Your result should be the lines holding the word "beta", copied from the entries below.

[[ TASK DATA, beginning ]]

lemma vector_space_tot_scale:
  assumes "vector_space s"
  shows "vector_space (tot_scale s)"
proof -
  interpret module s using assms by (rule vector_space_imp_module)
  show ?thesis
    unfolding vector_space_def tot_scale_def
    by (auto intro!: poly_mapping_eqI simp: lookup_map_eq lookup_add scale_right_distrib scale_left_distrib)
qed

lemma tot_scale_single:
  "vector_space s \<Longrightarrow> tot_scale s c (Poly_Mapping.single \<alpha> x) = Poly_Mapping.single \<alpha> (s c x)"
  unfolding tot_scale_def by (simp add: module.scale_zero_right vector_space_imp_module)

lemma tot_scale_add: "vector_space s \<Longrightarrow> tot_scale s c (f + g) = tot_scale s c f + tot_scale s c g"
  unfolding tot_scale_def by (simp add: map_add_additive module.scale_right_distrib vector_space_imp_module)

section \<open>The total algebra of a dendriform family algebra\<close>

locale dendriform_family =
  fixes D :: "('k::field, 'w::semigroup_mult, 'd::ab_group_add) dend"
  assumes dendf: "dendf D"
begin

abbreviation prec where "prec \<equiv> dprec D"
abbreviation succ where "succ \<equiv> dsucc D"

lemma vector_space: "vector_space (dscale D)"
  using dendf by (simp add: dendf_def)

lemma
  shows linear_prec_left: "Vector_Spaces.linear (dscale D) (dscale D) (\<lambda>x. prec \<alpha> x y)"
    and linear_prec_right: "Vector_Spaces.linear (dscale D) (dscale D) (prec \<alpha> x)"
    and linear_succ_left: "Vector_Spaces.linear (dscale D) (dscale D) (\<lambda>x. succ \<alpha> x y)"
    and linear_succ_right: "Vector_Spaces.linear (dscale D) (dscale D) (succ \<alpha> x)"
  using dendf by (simp_all add: dendf_def bilin_def)

lemmas prec_add_left = linear_hom_add[OF linear_prec_left]
  and prec_add_right = linear_hom_add[OF linear_prec_right]
  and succ_add_left = linear_hom_add[OF linear_succ_left]
  and succ_add_right = linear_hom_add[OF linear_succ_right]
  and prec_scale_left = linear_hom_scale[OF linear_prec_left]
  and prec_scale_right = linear_hom_scale[OF linear_prec_right]
  and succ_scale_left = linear_hom_scale[OF linear_succ_left]
  and succ_scale_right = linear_hom_scale[OF linear_succ_right]
  and prec_zero_left = linear_hom_zero[OF linear_prec_left]
  and prec_zero_right = linear_hom_zero[OF linear_prec_right]
  and succ_zero_left = linear_hom_zero[OF linear_succ_left]
  and succ_zero_right = linear_hom_zero[OF linear_succ_right]

lemma
  shows prec_prec_assoc: "prec \<beta> (prec \<alpha> x y) z = prec (\<alpha> * \<beta>) x (prec \<beta> y z + succ \<alpha> y z)"
    and succ_prec_assoc: "prec \<beta> (succ \<alpha> x y) z = succ \<alpha> x (prec \<beta> y z)"
    and succ_succ_assoc: "succ (\<alpha> * \<beta>) (prec \<beta> x y + succ \<alpha> x y) z = succ \<alpha> x (succ \<beta> y z)"
  using dendf by (simp_all add: dendf_def)

lemma tot_mult_pm_extend:
  "tot_mult D f g = pm_extend (\<lambda>\<alpha> x. pm_extend (\<lambda>\<beta> y.
     Poly_Mapping.single (\<alpha> * \<beta>) (prec \<beta> x y + succ \<alpha> x y)) g) f"
  unfolding tot_mult_def pm_extend_def ..

lemma tot_lact_pm_extend: "tot_lact D f y = pm_extend (\<lambda>\<alpha> x. succ \<alpha> x y) f"
  unfolding tot_lact_def pm_extend_def ..

lemma tot_ract_pm_extend: "tot_ract D y f = pm_extend (\<lambda>\<alpha> x. prec \<alpha> y x) f"
  unfolding tot_ract_def pm_extend_def ..

lemma tot_mult_single:
  "tot_mult D (Poly_Mapping.single \<alpha> x) (Poly_Mapping.single \<beta> y)
     = Poly_Mapping.single (\<alpha> * \<beta>) (prec \<beta> x y + succ \<alpha> x y)"
  by (simp add: tot_mult_pm_extend pm_extend_single prec_zero_left succ_zero_left
      prec_zero_right succ_zero_right pm_extend_def)

lemma tot_lact_single: "tot_lact D (Poly_Mapping.single \<alpha> x) y = succ \<alpha> x y"
  by (simp add: tot_lact_pm_extend pm_extend_single succ_zero_left)

lemma tot_ract_single: "tot_ract D y (Poly_Mapping.single \<alpha> x) = prec \<alpha> y x"
  by (simp add: tot_ract_pm_extend pm_extend_single prec_zero_right)

lemma tot_mult_add_left: "tot_mult D (f1 + f2) g = tot_mult D f1 g + tot_mult D f2 g"
  unfolding tot_mult_pm_extend
  by (rule pm_extend_add)
    (simp add: prec_add_left succ_add_left pm_extend_fun_add[symmetric] single_add[symmetric] algebra_simps)

lemma tot_mult_add_right: "tot_mult D f (g1 + g2) = tot_mult D f g1 + tot_mult D f g2"
  unfolding tot_mult_pm_extend
  by (simp add: pm_extend_add prec_add_right succ_add_right single_add[symmetric] algebra_simps
      pm_extend_fun_add[symmetric])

[[ TASK DATA, end ]]

* YOUR SOLUTION:
  shows prec_prec_assoc: "prec \<beta> (prec \<alpha> x y) z = prec (\<alpha> * \<beta>) x (prec \<beta> y z + succ \<alpha> y z)"
    and succ_prec_assoc: "prec \<beta> (succ \<alpha> x y) z = succ \<alpha> x (prec \<beta> y z)"
    and succ_succ_assoc: "succ (\<alpha> * \<beta>) (prec \<beta> x y + succ \<alpha> x y) z = succ \<alpha> x (succ \<beta> y z)"
  "tot_mult D f g = pm_extend (\<lambda>\<alpha> x. pm_extend (\<lambda>\<beta> y.
     Poly_Mapping.single (\<alpha> * \<beta>) (prec \<beta> x y + succ \<alpha> x y)) g) f"
  "tot_mult D (Poly_Mapping.single \<alpha> x) (Poly_Mapping.single \<beta> y)
     = Poly_Mapping.single (\<alpha> * \<beta>) (prec \<beta> x y + succ \<alpha> x y)"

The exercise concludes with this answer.